Hey, Lyndsay here! So Tom and I have been managing a relationship from Calgary to LA. And it’s hard, but not as hard as it could be. There are a lot of things you can do to make distance work. We haven’t been at this for long, and I am hoping some people in longer-running relationships will hop in in the comments!
The first thing to remember about distance is the little parts of body language and tone that you can use to communicate in person aren’t there. Clear communication – be willing to be frank, and be willing to share things about yourself. You have to do it with more bravery than it can take in person.
Here’s a lot of the stuff that we use to stay in touch with each other and hang out all the time when we can’t be there in person.
Being in touch is very easy with smartphones and social media!
If you’re international, there are great apps that let you get around international texting charges. Voxer lets you text and send short voice messages. Gchat lets you chat, share images and video chat on hangouts. For international couples, gchat keeps archives – a big help if you need to file proof of relationship later!
I use text and IM to stay in touch with Tom throughout the day. Sharing news stories, talking about what’s on my mind and just hanging out. The apps let me avoid international texting charges.
Tom and I already had a lot of overlap on our social media accounts, Twitter especially, but sharing our relationship on Facebook and Twitter is a great way to get to know each other’s friends and interact in a way that’s not just one-on-one.
I like being able to use twitter to introduce my friends and Tom to each other. It’s something that I have a lot of fun with, and it can help your relationship feel more integrated with the rest of your social life. Without this, our relationship sort of feels like it’s not a part of my other friendships, and it’s important to me that they’re at least a little bit entwined.
Snapchat is a great way to stay in touch with photos while avoiding filling up your storage with a ton of boring photos of each other’s faces. You can also text chat, add text to images and jazz up your photos with the drawing tool.
I like snapchat because Tom sends me photos of cars he sees around in LA – I really like cars, and sometimes I’ll get 4 or 5 shots of a Tesla, SLK or something more unusual. It’s a little thing that lets me know he’s thinking of me. I mostly brag to him about my meals and give him important Luigi updates. There’s also a lot to be said for being able to see each other’s faces throughout the day. It’s very comforting when you miss each other!
We get together on weekends over Hangouts. Sometimes we’re just spending time together, other times we’re helping each other out. I get to help Tom plan his D&D games sometimes (if you’re in Tom’s game: everything bad that happens to you was totally not my idea, that was all Tom, I promise). We planned a lot of the fundraising campaign over Hangouts as well!
I really like the quiet, not doing anything hangouts that we have. It’s nice to share my downtime with him there.
Tom and I share a love of games, so we play a lot together. There are board and multiplayer games on Steam, and lots more to play on iOS. We like to play board games together on a hangouts. We also play Martian Dice together on Hangouts with 2 sets!
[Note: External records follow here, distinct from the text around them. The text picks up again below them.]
text \<open>The world on [n] is a function of the variables U_A with A \<subseteq> [n]. Since the tuple
  (1, ..., n-1, n+1) is increasing, the world it induces is the same function of the relabelled
  variables U_(\<tau> A), where \<tau> maps n to n+1 and fixes [n-1]. The two families share the
  variables U_A with n \<notin> A and are independent otherwise. Conditionally on the shared
  variables the two events are therefore independent with a common conditional probability \<phi>,
  so both occur with probability E[\<phi>^2] \<ge> (E \<phi>)^2 = p^2.\<close>

section \<open>Two relabelled copies of an event in a product space\<close>

lemma (in product_sigma_finite) product_nn_integral_fold3:
  assumes "K0 \<inter> (K1 \<union> K2) = {}" "K1 \<inter> K2 = {}" "finite K0" "finite K1" "finite K2"
    and [measurable]: "u \<in> borel_measurable (PiM (K0 \<union> (K1 \<union> K2)) M)"
  shows "(\<integral>\<^sup>+x. u x \<partial>PiM (K0 \<union> (K1 \<union> K2)) M)
       = (\<integral>\<^sup>+a. \<integral>\<^sup>+b. \<integral>\<^sup>+c. u (merge K0 (K1 \<union> K2) (a, merge K1 K2 (b, c)))
            \<partial>PiM K2 M \<partial>PiM K1 M \<partial>PiM K0 M)"
proof -
  have "(\<integral>\<^sup>+x. u x \<partial>PiM (K0 \<union> (K1 \<union> K2)) M)
      = (\<integral>\<^sup>+a. \<integral>\<^sup>+z. u (merge K0 (K1 \<union> K2) (a, z)) \<partial>PiM (K1 \<union> K2) M \<partial>PiM K0 M)"
    using assms by (intro product_nn_integral_fold) auto
  also have "\<dots> = (\<integral>\<^sup>+a. \<integral>\<^sup>+b. \<integral>\<^sup>+c. u (merge K0 (K1 \<union> K2) (a, merge K1 K2 (b, c)))
            \<partial>PiM K2 M \<partial>PiM K1 M \<partial>PiM K0 M)"
  proof (rule nn_integral_cong)
    fix a assume "a \<in> space (PiM K0 M)"
    then show "(\<integral>\<^sup>+z. u (merge K0 (K1 \<union> K2) (a, z)) \<partial>PiM (K1 \<union> K2) M)
        = (\<integral>\<^sup>+b. \<integral>\<^sup>+c. u (merge K0 (K1 \<union> K2) (a, merge K1 K2 (b, c))) \<partial>PiM K2 M \<partial>PiM K1 M)"
      using assms by (intro product_nn_integral_fold) auto
  qed
  finally show ?thesis .
qed

lemma nn_integral_PiM_reindex:
  assumes "\<And>i. i \<in> K \<Longrightarrow> prob_space (M i)" "inj_on \<sigma> I" "\<sigma> \<in> I \<rightarrow> K"
    and "u \<in> borel_measurable (\<Pi>\<^sub>M i\<in>I. M (\<sigma> i))"
  shows "(\<integral>\<^sup>+x. u (\<lambda>i\<in>I. x (\<sigma> i)) \<partial>PiM K M) = (\<integral>\<^sup>+y. u y \<partial>(\<Pi>\<^sub>M i\<in>I. M (\<sigma> i)))"
proof -
  have [measurable]: "(\<lambda>x. \<lambda>i\<in>I. x (\<sigma> i)) \<in> PiM K M \<rightarrow>\<^sub>M (\<Pi>\<^sub>M i\<in>I. M (\<sigma> i))"
    using assms(3) by (intro measurable_restrict measurable_component_singleton) auto
  show ?thesis
    using assms by (subst distr_PiM_reindex[symmetric]) (auto simp: nn_integral_distr)
qed

lemma (in prob_space) nn_integral_square_le:
  assumes [measurable]: "u \<in> borel_measurable M"
  shows "(\<integral>\<^sup>+x. u x \<partial>M)\<^sup>2 \<le> (\<integral>\<^sup>+x. (u x)\<^sup>2 \<partial>M)"
  using Cauchy_Schwarz_nn_integral[of u M "\<lambda>_. 1"] by (simp add: emeasure_space_1)

lemma restrict_merge_merge:
  "restrict (merge K0 (K1 \<union> K2) (a, merge K1 K2 (b, c))) (K0 \<union> K1) = merge K0 K1 (a, b)"
  by (auto simp: fun_eq_iff merge_def)

lemma reindex_merge_merge:
  assumes "K0 \<inter> K2 = {}" "K1 \<inter> K2 = {}" "\<And>i. i \<in> K0 \<Longrightarrow> \<sigma> i = i" "\<sigma> \<in> K1 \<rightarrow> K2"
  shows "(\<lambda>i\<in>K0 \<union> K1. merge K0 (K1 \<union> K2) (a, merge K1 K2 (b, c)) (\<sigma> i))
       = merge K0 K1 (a, \<lambda>i\<in>K1. c (\<sigma> i))"
  using assms by (auto simp: fun_eq_iff merge_def)

context prob_space
begin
One of the more fun things we did recently was play through Borderlands 2 on co-op on PS3. I’d never played it, but Tom loves Borderlands 2 so he got to share it with me. I’m excited to do the same thing with the Left 4 Dead games – they’re my jam, and he’s never really played them.
We also play tabletop games over Hangout with friends, which is another one of those integrating your LDR into your social circle things.
The point of all these tools is how you use them!
It’s important to have rituals. Have a block of time each day, each week, etc. where you do something together. Being able to know the next time you’ll have each other’s full attention is a huge deal. Whether it is a hangout or a co-op game, make sure you have time scheduled to make each other a priority.
I like to find little things with low shipping cost to have sent to Tom as a surprise. We both really like stationery, so I’ve sent him some pens before. It’s nice to be able to give him something tangible so easily. Steam purchases are another nice surprise, especially a co-op or multiplayer game you can enjoy together!
This is the trickiest part. Long distance relationships aren’t cheap. It takes travel – and international travel is especially expensive. But knowing the next time you’ll be able to be together has a big impact on your well being.
Plan your visits while you’re apart. It’s nice to be spontaneous, but we like to have 2 or 3 things we plan to do before a visit starts. Sharing your days with each other with the apps I talked about before is a good way to figure out what you should do together when you’re there in person!
Believe in it.
Above all, you have to believe in your relationship. You have to work hard on it to be successful, but if you’re pulling together you can make it work!
Moving to be together isn’t always an option. I’m looking forward to hearing how friends who have been in long distance relationships have managed. What are your tips and tricks? Tell us in the comments!